The Fourth Season of Castle finds mystery writer Richard Castle (Nathan Fillion) working alongside New York Police Detective Kate Beckett (Stana Katic) for another season of crime solving while refusing to admit their mutual attraction to each other. The season is highlighted by the two-parter that introduces Castle’s first muse – CIA Agent Sophia Turner (Jennifer Beals), a Firefly reunion with Fillion and Adam Baldwin, a 40’s film noir episode, Castle and Beckett cuffed together while trying to outwit smugglers and a tiger, Castle and Martha (Susan Sullivan) stuck in the middle of an unusual bank robbery, and the season finale which finally links Beckett and Castle romantically.

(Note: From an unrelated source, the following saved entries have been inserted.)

lemma
  fixes f :: "'i \<Rightarrow> 'a \<Rightarrow> 'b::{real_normed_field, banach, second_countable_topology}"
  assumes I: "finite I" and J: "J \<subseteq> I" and M: "\<And>k. k \<in> I \<Longrightarrow> prob_space (M k)"
    and f: "\<And>k. k \<in> J \<Longrightarrow> integrable (M k) (f k)"
  shows integrable_PiM_prod_components: "integrable (PiM I M) (\<lambda>v. \<Prod>k\<in>J. f k (v k))"
    and integral_PiM_prod_components:
      "(\<integral>v. (\<Prod>k\<in>J. f k (v k)) \<partial>PiM I M) = (\<Prod>k\<in>J. integral\<^sup>L (M k) (f k))"
proof -
  \<comment> \<open>The library's product lemmas need a probability space at every index, so \<open>M\<close> is
    extended outside \<open>I\<close> by a point mass and \<open>f\<close> outside \<open>J\<close> by the constant \<open>1\<close>.\<close>
  define M' where "M' k = (if k \<in> I then M k else return (count_space UNIV) undefined)" for k
  define F where "F k = (\<lambda>x. if k \<in> J then f k x else 1)" for k
  have M': "prob_space (M' k)" for k
    by (simp add: M'_def M prob_space_return)
  interpret product_prob_space M'
    by (simp add: product_prob_space_def product_prob_space_axioms_def product_sigma_finite_def
        prob_space_imp_sigma_finite M')
  have PiM_eq: "PiM I M = PiM I M'"
    by (rule PiM_cong) (simp_all add: M'_def)
  have F_int: "integrable (M' k) (F k)" if "k \<in> I" for k
  proof (cases "k \<in> J")
    case False
    interpret prob_space "M k"
      using M that .
    show ?thesis
      using False that by (simp add: F_def M'_def)
  qed (use that f in \<open>simp add: F_def M'_def\<close>)
  have prod_eq: "(\<Prod>k\<in>I. F k (v k)) = (\<Prod>k\<in>J. f k (v k))" for v
    using I J by (simp add: F_def prod.If_cases Int_absorb1)
  have "integral\<^sup>L (M' k) (F k) = (if k \<in> J then integral\<^sup>L (M k) (f k) else 1)" if "k \<in> I" for k
    using that prob_space.prob_space[OF M[OF that]] by (simp add: F_def M'_def)
  then have int_eq: "(\<Prod>k\<in>I. integral\<^sup>L (M' k) (F k)) = (\<Prod>k\<in>J. integral\<^sup>L (M k) (f k))"
    using I J by (simp add: prod.If_cases Int_absorb1)
  show "integrable (PiM I M) (\<lambda>v. \<Prod>k\<in>J. f k (v k))"
    using product_integrable_prod[OF I F_int] by (simp add: PiM_eq prod_eq)
  show "(\<integral>v. (\<Prod>k\<in>J. f k (v k)) \<partial>PiM I M) = (\<Prod>k\<in>J. integral\<^sup>L (M k) (f k))"
    using product_integral_prod[OF I F_int] by (simp add: PiM_eq prod_eq int_eq)
qed

lemma
  fixes f :: "'i \<Rightarrow> 'a \<Rightarrow> real"
  assumes I: "finite I" and M: "\<And>k. k \<in> I \<Longrightarrow> prob_space (M k)"
    and f: "\<And>k. k \<in> I \<Longrightarrow> integrable (M k) (f k)"
  shows integrable_PiM_sum_components: "integrable (PiM I M) (\<lambda>v. \<Sum>k\<in>I. f k (v k))"
    and integral_abs_PiM_sum_components_le:
      "(\<integral>v. \<bar>\<Sum>k\<in>I. f k (v k)\<bar> \<partial>PiM I M) \<le> (\<Sum>k\<in>I. \<integral>x. \<bar>f k x\<bar> \<partial>M k)"
proof -
  have f_meas: "f k \<in> borel_measurable (M k)" if "k \<in> I" for k
    using f[OF that] by (rule borel_measurable_integrable)
  have comp_int: "integrable (PiM I M) (\<lambda>v. f k (v k))" if "k \<in> I" for k
    using integrable_PiM_component_iff[where M=M, OF M that f_meas[OF that]] f[OF that] by simp
  then show "integrable (PiM I M) (\<lambda>v. \<Sum>k\<in>I. f k (v k))"
    by auto
  have "(\<integral>v. \<bar>\<Sum>k\<in>I. f k (v k)\<bar> \<partial>PiM I M) \<le> (\<integral>v. (\<Sum>k\<in>I. \<bar>f k (v k)\<bar>) \<partial>PiM I M)"
    using comp_int by (intro integral_mono sum_abs) auto
  also have "\<dots> = (\<Sum>k\<in>I. \<integral>x. \<bar>f k x\<bar> \<partial>M k)"
    using comp_int integral_PiM_component[where M=M, OF M _ borel_measurable_abs[OF f_meas]]
    by (simp add: Bochner_Integration.integral_sum)
  finally show "(\<integral>v. \<bar>\<Sum>k\<in>I. f k (v k)\<bar> \<partial>PiM I M) \<le> (\<Sum>k\<in>I. \<integral>x. \<bar>f k x\<bar> \<partial>M k)" .
qed

lemma
  fixes f :: "'i \<Rightarrow> 'a \<Rightarrow> real"
  assumes I: "finite I" and M: "\<And>k. k \<in> I \<Longrightarrow> prob_space (M k)"
    and f_meas: "\<And>k. k \<in> I \<Longrightarrow> f k \<in> borel_measurable (M k)"
    and f_sq: "\<And>k. k \<in> I \<Longrightarrow> integrable (M k) (\<lambda>x. (f k x)\<^sup>2)"
    and f_centered: "\<And>k. k \<in> I \<Longrightarrow> integral\<^sup>L (M k) (f k) = 0"
  shows integrable_PiM_square_sum_components:
      "integrable (PiM I M) (\<lambda>v. (\<Sum>k\<in>I. f k (v k))\<^sup>2)"
    and integral_PiM_square_sum_centered_components:
      "(\<integral>v. (\<Sum>k\<in>I. f k (v k))\<^sup>2 \<partial>PiM I M) = (\<Sum>k\<in>I. \<integral>x. (f k x)\<^sup>2 \<partial>M k)"
proof -
  have f_int: "integrable (M k) (f k)" if "k \<in> I" for k
    using finite_measure.square_integrable_imp_integrable[OF prob_space.finite_measure[OF M] f_meas f_sq]
      that by blast
  have square: "(\<Sum>k\<in>I. f k (v k))\<^sup>2 = (\<Sum>i\<in>I. \<Sum>j\<in>I. f i (v i) * f j (v j))" for v
    by (simp add: power2_eq_square sum_product)
  have cross: "integrable (PiM I M) (\<lambda>v. f i (v i) * f j (v j)) \<and>
      (\<integral>v. f i (v i) * f j (v j) \<partial>PiM I M) = (if i = j then \<integral>x. (f i x)\<^sup>2 \<partial>M i else 0)"
    if ij: "i \<in> I" "j \<in> I" for i j
  proof (cases "i = j")
    case True
    have sq_meas: "(\<lambda>x. (f i x)\<^sup>2) \<in> borel_measurable (M i)"
      using f_meas[OF ij(1)] by measurable
    show ?thesis
      using True integral_PiM_component[where M=M, OF M ij(1) sq_meas]
        integrable_PiM_component_iff[where M=M, OF M ij(1) sq_meas] f_sq[OF ij(1)]
      by (simp add: power2_eq_square)
  next
    case False
    have sub: "{i, j} \<subseteq> I" and int: "\<And>k. k \<in> {i, j} \<Longrightarrow> integrable (M k) (f k)"
      using ij f_int by auto
    show ?thesis
      using False ij f_centered integrable_PiM_prod_components[where M=M, OF I sub M int]
        integral_PiM_prod_components[where M=M, OF I sub M int]
      by simp
  qed
  show "integrable (PiM I M) (\<lambda>v. (\<Sum>k\<in>I. f k (v k))\<^sup>2)"
    unfolding square using cross by (intro Bochner_Integration.integrable_sum) blast
  have "(\<integral>v. (\<Sum>k\<in>I. f k (v k))\<^sup>2 \<partial>PiM I M)
      = (\<Sum>i\<in>I. \<Sum>j\<in>I. if i = j then \<integral>x. (f i x)\<^sup>2 \<partial>M i else 0)"
    unfolding square using cross by (simp add: Bochner_Integration.integral_sum)
  also have "\<dots> = (\<Sum>k\<in>I. \<integral>x. (f k x)\<^sup>2 \<partial>M k)"
    using I by simp
  finally show "(\<integral>v. (\<Sum>k\<in>I. f k (v k))\<^sup>2 \<partial>PiM I M)
      = (\<Sum>k\<in>I. \<integral>x. (f k x)\<^sup>2 \<partial>M k)" .
qed

lemma integral_abs_PiM_sum_centered_components_le:
  fixes f :: "'i \<Rightarrow> 'a \<Rightarrow> real"
  assumes I: "finite I" and M: "\<And>k. k \<in> I \<Longrightarrow> prob_space (M k)"
    and f_meas: "\<And>k. k \<in> I \<Longrightarrow> f k \<in> borel_measurable (M k)"
    and f_sq: "\<And>k. k \<in> I \<Longrightarrow> integrable (M k) (\<lambda>x. (f k x)\<^sup>2)"
    and f_centered: "\<And>k. k \<in> I \<Longrightarrow> integral\<^sup>L (M k) (f k) = 0"
  shows "(\<integral>v. \<bar>\<Sum>k\<in>I. f k (v k)\<bar> \<partial>PiM I M)
    \<le> sqrt (\<Sum>k\<in>I. \<integral>x. (f k x)\<^sup>2 \<partial>M k)"
proof -
  interpret PiM: prob_space "PiM I M"
    by (rule prob_space_PiM) (rule M)
  have meas: "(\<lambda>v. \<Sum>k\<in>I. f k (v k)) \<in> borel_measurable (PiM I M)"
  proof (intro borel_measurable_sum)
    fix k assume k: "k \<in> I"
    show "(\<lambda>v. f k (v k)) \<in> borel_measurable (PiM I M)"
      by (rule measurable_compose[OF measurable_component_singleton[OF k, of M] f_meas[OF k]])
  qed
  show ?thesis
    using PiM.expectation_abs_le_sqrt_expectation_square[OF meas
        integrable_PiM_square_sum_components[where M=M, OF I M f_meas f_sq f_centered]]
      integral_PiM_square_sum_centered_components[where M=M, OF I M f_meas f_sq f_centered]
    by simp
qed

Aside from the “will-they”/”won’t-they” arc, other ongoing stories include Detective Ryan’s (Seamus Dever) nuptials, Esposito (Jon Huertas) and Lanie’s (Tamala Jones) failed romance, Alexis’ (Molly C. Quinn) pre-college trauma, and the ongoing investigation into the death of Beckett’s mother and search for the sniper (Tahmoh Penikett) who shot Kate in the Third Season finale.

The five-disc set includes all 23 episodes, deleted scenes, bloopers, a Castle radio performance by Nathan Fillion and Molly Quinn, featurretes on the underwater car stunt in “Linchpin” and a behind-the-scenes look at “The Blue Butterfly,” commentaries for three episodes (“Rise,” “Cuffed,” and “Blue Butterfly”) by series creator Andrew Marlowe, director Rob Bowman, writers Terri Miller and Terrence Paul Winter, costume designer Luke Reichle, Fillion, Katic, Sullivan, Quinn, Huertas, Dever, and Tamala Jones.

There’s plenty here for fans of the show to enjoy including some cool stand-alone episodes and, even more importantly, the show finally throwing caution to the wind and putting Castle and Beckett together. Although not every episode is great, the super-hero episode feels far too forced and the trip to Vegas doesn’t quite pay off (even with Fillion’s Elvis impersonation), all the mysteries are solid and filled with the show’s trademark zany humor. The season also leaves quite a bit of fallout, including Beckett’s future with the NYPD, to be dealt with when the show returns on Sept. 24.